(Data excerpts)
• • •
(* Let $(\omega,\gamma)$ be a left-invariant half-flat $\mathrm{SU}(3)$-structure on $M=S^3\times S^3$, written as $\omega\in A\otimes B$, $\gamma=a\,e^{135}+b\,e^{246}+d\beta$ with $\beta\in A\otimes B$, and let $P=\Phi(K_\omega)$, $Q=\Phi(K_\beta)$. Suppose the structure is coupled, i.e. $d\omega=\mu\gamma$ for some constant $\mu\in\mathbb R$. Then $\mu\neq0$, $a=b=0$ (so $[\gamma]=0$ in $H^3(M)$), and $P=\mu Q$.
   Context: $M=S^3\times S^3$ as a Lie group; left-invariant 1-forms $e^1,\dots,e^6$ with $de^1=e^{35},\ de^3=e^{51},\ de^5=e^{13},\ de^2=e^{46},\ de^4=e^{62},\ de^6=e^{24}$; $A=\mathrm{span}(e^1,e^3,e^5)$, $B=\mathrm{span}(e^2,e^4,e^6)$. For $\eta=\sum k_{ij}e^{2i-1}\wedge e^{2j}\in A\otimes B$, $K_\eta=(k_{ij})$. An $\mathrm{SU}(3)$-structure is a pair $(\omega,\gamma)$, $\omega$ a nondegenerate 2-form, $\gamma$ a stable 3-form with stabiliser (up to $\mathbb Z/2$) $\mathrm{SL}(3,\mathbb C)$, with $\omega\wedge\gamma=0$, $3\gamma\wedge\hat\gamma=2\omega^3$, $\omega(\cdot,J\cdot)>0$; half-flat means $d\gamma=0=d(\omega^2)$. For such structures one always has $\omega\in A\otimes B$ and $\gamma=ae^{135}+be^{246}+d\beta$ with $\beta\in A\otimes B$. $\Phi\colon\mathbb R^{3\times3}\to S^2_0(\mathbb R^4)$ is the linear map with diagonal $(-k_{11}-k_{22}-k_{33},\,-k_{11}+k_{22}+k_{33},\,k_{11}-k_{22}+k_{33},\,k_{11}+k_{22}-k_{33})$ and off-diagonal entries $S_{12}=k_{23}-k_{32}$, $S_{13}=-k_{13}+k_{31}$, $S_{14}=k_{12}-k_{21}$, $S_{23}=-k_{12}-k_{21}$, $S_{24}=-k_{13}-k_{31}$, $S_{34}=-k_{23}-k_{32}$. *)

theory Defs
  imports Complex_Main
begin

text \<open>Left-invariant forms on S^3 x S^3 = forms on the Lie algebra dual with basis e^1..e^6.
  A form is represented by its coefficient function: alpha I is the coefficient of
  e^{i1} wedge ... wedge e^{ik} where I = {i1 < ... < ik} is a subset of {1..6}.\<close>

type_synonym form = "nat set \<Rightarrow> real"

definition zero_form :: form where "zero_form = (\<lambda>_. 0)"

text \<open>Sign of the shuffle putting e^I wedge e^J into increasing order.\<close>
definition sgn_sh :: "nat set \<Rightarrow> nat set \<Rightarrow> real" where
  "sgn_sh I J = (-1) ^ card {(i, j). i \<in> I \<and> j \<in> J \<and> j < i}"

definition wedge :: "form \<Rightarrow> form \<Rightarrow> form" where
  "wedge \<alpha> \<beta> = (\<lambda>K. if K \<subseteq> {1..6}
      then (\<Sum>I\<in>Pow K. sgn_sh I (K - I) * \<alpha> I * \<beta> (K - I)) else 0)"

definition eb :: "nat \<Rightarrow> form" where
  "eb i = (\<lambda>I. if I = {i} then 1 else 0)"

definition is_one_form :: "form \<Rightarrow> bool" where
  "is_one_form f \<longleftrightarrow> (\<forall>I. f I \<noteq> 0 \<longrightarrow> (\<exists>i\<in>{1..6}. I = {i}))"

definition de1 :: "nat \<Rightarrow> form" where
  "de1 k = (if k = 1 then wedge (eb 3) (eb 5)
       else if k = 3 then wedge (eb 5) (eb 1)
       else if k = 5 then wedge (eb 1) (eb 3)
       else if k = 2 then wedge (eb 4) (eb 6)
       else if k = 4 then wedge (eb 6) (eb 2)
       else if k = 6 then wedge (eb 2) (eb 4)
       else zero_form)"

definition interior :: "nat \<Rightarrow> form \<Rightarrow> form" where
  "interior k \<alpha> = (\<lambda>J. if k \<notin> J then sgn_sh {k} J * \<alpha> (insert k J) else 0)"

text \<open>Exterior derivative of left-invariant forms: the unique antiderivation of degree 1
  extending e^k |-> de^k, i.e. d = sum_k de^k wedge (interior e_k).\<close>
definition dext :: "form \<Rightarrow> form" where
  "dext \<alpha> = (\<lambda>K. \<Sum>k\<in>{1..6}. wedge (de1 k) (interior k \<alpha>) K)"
• • •
What needs duplicating is the run of lines from the one containing "theory Defs" through the last line of the entries above, exact and complete.

theory Defs
  imports Complex_Main
begin

text \<open>Left-invariant forms on S^3 x S^3 = forms on the Lie algebra dual with basis e^1..e^6.
  A form is represented by its coefficient function: alpha I is the coefficient of
  e^{i1} wedge ... wedge e^{ik} where I = {i1 < ... < ik} is a subset of {1..6}.\<close>

type_synonym form = "nat set \<Rightarrow> real"

definition zero_form :: form where "zero_form = (\<lambda>_. 0)"

text \<open>Sign of the shuffle putting e^I wedge e^J into increasing order.\<close>
definition sgn_sh :: "nat set \<Rightarrow> nat set \<Rightarrow> real" where
  "sgn_sh I J = (-1) ^ card {(i, j). i \<in> I \<and> j \<in> J \<and> j < i}"

definition wedge :: "form \<Rightarrow> form \<Rightarrow> form" where
  "wedge \<alpha> \<beta> = (\<lambda>K. if K \<subseteq> {1..6}
      then (\<Sum>I\<in>Pow K. sgn_sh I (K - I) * \<alpha> I * \<beta> (K - I)) else 0)"

definition eb :: "nat \<Rightarrow> form" where
  "eb i = (\<lambda>I. if I = {i} then 1 else 0)"

definition is_one_form :: "form \<Rightarrow> bool" where
  "is_one_form f \<longleftrightarrow> (\<forall>I. f I \<noteq> 0 \<longrightarrow> (\<exists>i\<in>{1..6}. I = {i}))"

definition de1 :: "nat \<Rightarrow> form" where
  "de1 k = (if k = 1 then wedge (eb 3) (eb 5)
       else if k = 3 then wedge (eb 5) (eb 1)
       else if k = 5 then wedge (eb 1) (eb 3)
       else if k = 2 then wedge (eb 4) (eb 6)
       else if k = 4 then wedge (eb 6) (eb 2)
       else if k = 6 then wedge (eb 2) (eb 4)
       else zero_form)"

definition interior :: "nat \<Rightarrow> form \<Rightarrow> form" where
  "interior k \<alpha> = (\<lambda>J. if k \<notin> J then sgn_sh {k} J * \<alpha> (insert k J) else 0)"

text \<open>Exterior derivative of left-invariant forms: the unique antiderivation of degree 1
  extending e^k |-> de^k, i.e. d = sum_k de^k wedge (interior e_k).\<close>
definition dext :: "form \<Rightarrow> form" where
  "dext \<alpha> = (\<lambda>K. \<Sum>k\<in>{1..6}. wedge (de1 k) (interior k \<alpha>) K)"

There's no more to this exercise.